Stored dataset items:

↓

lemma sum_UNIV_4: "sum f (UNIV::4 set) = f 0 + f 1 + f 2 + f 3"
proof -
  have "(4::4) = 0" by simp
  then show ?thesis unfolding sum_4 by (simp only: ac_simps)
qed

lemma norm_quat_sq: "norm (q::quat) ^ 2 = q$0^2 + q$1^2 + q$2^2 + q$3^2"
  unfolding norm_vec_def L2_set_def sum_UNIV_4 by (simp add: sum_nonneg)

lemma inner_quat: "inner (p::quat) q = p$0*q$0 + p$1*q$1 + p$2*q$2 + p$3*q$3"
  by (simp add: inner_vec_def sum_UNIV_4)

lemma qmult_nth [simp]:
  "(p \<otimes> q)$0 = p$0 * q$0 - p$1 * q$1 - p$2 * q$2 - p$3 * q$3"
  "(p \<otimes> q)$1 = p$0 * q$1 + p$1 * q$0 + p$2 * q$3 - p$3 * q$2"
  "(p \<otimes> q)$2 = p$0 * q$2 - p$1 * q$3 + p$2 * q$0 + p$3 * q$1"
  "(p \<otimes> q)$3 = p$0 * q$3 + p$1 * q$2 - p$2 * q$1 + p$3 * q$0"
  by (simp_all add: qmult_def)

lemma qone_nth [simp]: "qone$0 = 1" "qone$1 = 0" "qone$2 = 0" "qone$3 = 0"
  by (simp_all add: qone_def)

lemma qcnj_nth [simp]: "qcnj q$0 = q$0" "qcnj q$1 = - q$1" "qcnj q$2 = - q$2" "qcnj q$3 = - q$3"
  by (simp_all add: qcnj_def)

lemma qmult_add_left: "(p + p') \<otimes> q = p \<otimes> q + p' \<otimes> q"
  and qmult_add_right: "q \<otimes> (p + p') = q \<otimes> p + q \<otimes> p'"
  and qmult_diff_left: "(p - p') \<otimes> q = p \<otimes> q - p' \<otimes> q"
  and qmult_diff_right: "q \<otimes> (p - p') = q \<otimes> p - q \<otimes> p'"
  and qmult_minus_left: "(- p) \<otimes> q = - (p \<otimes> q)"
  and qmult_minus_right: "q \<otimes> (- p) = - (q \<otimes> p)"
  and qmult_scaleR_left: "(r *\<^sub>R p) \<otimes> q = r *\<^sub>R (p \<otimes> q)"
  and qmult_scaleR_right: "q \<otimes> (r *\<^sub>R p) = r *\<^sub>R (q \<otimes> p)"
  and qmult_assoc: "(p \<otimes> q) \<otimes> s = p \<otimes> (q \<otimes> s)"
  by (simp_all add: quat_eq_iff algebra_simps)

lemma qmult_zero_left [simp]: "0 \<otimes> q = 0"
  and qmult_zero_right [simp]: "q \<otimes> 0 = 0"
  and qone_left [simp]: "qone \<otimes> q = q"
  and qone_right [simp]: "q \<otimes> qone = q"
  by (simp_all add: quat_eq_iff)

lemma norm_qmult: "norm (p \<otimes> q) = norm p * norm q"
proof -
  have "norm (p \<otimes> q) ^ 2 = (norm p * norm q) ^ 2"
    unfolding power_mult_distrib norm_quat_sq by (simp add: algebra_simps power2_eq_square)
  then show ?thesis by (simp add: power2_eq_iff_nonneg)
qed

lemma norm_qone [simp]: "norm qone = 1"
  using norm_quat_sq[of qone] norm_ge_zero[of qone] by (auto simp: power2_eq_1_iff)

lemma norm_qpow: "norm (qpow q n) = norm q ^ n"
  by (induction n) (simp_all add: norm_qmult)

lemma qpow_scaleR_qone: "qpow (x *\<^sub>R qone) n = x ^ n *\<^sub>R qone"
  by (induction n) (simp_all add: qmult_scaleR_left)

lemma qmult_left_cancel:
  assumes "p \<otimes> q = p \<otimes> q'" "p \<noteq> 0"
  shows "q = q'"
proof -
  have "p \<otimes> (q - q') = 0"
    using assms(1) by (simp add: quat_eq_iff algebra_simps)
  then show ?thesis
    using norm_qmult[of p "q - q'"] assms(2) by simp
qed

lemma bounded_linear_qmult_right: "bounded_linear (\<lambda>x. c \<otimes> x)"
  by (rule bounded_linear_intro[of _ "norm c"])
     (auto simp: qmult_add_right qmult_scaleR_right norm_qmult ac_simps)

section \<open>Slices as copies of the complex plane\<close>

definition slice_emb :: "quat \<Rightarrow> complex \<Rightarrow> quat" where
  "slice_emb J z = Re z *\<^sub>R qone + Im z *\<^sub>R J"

↑
↓

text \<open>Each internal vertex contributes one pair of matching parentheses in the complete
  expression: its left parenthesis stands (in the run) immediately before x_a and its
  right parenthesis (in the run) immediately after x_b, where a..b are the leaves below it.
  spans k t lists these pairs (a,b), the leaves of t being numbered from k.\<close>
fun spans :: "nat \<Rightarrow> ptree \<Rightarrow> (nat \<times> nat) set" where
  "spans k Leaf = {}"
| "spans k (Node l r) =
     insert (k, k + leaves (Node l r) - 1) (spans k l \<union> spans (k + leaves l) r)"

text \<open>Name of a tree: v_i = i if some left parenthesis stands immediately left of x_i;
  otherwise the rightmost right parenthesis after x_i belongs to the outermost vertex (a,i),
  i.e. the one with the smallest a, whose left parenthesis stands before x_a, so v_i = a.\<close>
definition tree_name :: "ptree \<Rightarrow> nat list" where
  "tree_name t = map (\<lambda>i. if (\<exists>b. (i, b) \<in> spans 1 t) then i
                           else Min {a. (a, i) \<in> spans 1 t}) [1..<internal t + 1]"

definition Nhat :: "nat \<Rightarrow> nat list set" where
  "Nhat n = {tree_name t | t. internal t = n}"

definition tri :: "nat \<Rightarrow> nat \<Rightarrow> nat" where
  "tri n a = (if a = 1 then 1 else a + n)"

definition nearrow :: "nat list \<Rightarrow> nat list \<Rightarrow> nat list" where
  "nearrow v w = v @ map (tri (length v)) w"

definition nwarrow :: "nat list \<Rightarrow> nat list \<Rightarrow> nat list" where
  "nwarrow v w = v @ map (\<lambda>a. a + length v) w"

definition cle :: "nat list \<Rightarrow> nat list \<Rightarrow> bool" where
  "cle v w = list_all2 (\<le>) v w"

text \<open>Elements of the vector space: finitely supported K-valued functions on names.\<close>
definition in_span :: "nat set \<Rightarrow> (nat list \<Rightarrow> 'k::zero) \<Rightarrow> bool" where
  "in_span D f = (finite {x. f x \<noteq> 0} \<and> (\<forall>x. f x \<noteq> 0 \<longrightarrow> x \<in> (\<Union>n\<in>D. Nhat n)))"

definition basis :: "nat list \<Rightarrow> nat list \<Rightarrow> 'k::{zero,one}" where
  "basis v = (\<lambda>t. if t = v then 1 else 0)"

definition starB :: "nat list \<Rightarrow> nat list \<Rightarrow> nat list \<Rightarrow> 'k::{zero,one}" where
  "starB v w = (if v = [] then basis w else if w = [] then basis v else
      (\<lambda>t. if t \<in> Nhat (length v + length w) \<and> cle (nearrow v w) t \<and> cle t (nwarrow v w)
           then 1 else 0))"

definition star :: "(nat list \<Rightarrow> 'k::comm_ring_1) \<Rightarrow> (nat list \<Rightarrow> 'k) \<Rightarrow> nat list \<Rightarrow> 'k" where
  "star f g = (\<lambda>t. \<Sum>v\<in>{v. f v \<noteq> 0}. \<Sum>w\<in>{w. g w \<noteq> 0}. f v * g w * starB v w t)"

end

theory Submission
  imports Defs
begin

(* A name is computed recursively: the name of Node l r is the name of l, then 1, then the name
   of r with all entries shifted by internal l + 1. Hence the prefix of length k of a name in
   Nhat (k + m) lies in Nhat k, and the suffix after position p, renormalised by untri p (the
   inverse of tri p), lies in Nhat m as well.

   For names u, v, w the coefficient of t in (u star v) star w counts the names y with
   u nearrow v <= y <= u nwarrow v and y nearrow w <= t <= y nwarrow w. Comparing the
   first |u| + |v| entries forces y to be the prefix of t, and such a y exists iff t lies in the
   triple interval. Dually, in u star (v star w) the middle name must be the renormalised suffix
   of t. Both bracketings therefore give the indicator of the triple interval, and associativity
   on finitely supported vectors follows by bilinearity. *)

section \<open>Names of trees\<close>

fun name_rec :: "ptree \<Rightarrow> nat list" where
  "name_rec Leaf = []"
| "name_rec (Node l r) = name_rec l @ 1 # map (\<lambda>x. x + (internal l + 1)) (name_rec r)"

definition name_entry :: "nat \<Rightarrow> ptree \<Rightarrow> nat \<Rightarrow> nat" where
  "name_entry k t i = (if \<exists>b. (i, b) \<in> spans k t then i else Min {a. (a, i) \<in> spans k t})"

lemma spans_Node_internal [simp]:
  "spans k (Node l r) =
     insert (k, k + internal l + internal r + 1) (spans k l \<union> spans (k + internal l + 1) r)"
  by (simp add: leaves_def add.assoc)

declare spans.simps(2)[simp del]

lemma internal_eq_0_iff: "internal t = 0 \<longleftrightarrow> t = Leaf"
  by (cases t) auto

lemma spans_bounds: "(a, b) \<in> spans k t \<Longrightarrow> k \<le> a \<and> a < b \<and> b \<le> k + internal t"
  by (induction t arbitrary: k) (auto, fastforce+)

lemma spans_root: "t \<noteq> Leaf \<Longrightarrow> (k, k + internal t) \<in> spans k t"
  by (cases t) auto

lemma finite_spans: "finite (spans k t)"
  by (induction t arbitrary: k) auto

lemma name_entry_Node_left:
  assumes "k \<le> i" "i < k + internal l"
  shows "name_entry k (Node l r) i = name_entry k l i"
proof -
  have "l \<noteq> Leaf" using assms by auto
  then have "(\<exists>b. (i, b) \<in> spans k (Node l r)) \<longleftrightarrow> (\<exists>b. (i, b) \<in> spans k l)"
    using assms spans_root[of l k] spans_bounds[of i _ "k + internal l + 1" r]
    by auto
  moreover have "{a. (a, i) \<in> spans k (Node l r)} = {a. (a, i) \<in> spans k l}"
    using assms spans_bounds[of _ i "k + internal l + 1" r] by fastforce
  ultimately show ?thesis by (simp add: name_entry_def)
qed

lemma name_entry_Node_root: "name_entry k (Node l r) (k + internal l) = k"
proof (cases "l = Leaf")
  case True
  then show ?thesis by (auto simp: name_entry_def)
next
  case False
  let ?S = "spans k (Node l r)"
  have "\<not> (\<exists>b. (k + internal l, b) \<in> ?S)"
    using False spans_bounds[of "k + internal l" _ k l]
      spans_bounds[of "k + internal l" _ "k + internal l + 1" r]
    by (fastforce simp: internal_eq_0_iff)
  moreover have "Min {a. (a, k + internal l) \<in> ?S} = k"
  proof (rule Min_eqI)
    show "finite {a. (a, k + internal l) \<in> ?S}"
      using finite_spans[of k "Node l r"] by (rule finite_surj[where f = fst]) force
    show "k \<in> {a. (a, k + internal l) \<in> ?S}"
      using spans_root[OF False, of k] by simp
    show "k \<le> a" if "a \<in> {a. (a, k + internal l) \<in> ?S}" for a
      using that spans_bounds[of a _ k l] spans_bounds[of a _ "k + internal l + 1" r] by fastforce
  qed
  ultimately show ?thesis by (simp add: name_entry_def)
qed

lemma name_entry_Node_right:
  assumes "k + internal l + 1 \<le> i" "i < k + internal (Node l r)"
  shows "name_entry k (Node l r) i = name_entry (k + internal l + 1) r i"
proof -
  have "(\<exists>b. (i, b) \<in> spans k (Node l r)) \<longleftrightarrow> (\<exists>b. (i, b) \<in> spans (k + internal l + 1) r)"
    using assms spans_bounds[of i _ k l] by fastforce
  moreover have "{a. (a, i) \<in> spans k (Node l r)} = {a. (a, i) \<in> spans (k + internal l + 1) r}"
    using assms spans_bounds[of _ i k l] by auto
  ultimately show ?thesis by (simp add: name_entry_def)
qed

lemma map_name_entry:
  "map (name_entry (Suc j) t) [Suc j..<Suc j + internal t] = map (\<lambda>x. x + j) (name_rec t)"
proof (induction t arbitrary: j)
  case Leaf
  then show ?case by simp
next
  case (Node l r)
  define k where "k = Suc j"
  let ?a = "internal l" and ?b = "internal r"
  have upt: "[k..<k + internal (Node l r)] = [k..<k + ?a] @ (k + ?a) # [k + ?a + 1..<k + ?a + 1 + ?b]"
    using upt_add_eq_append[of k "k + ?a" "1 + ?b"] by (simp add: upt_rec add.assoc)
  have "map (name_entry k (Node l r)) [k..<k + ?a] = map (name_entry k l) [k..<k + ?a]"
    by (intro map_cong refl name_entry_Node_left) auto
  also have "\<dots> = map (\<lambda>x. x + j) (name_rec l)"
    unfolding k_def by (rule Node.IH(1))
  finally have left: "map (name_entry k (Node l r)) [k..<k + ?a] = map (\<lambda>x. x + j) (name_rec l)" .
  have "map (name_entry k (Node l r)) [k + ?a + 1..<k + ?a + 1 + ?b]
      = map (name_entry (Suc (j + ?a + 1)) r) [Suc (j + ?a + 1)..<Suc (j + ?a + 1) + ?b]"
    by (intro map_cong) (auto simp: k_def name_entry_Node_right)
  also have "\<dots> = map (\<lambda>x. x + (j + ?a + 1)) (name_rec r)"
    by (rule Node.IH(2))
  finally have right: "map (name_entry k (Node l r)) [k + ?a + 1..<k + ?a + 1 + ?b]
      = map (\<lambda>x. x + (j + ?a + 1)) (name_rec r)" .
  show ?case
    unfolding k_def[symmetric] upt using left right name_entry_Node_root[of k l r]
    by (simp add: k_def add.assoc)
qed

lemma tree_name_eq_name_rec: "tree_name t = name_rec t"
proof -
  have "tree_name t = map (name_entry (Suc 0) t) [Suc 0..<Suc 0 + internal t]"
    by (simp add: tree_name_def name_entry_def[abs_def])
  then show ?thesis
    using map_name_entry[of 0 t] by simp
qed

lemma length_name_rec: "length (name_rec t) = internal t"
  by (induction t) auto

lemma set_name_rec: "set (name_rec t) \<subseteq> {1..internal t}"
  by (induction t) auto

↑

# WHAT TO PRODUCE:
Beginning at the line above with "f (UNIV::4 set)" and finishing at the line with "(q::quat) ^ 2", return each line exactly and return nothing else.

# ANSWER AREA:
lemma sum_UNIV_4: "sum f (UNIV::4 set) = f 0 + f 1 + f 2 + f 3"
proof -
  have "(4::4) = 0" by simp
  then show ?thesis unfolding sum_4 by (simp only: ac_simps)
qed

lemma norm_quat_sq: "norm (q::quat) ^ 2 = q$0^2 + q$1^2 + q$2^2 + q$3^2"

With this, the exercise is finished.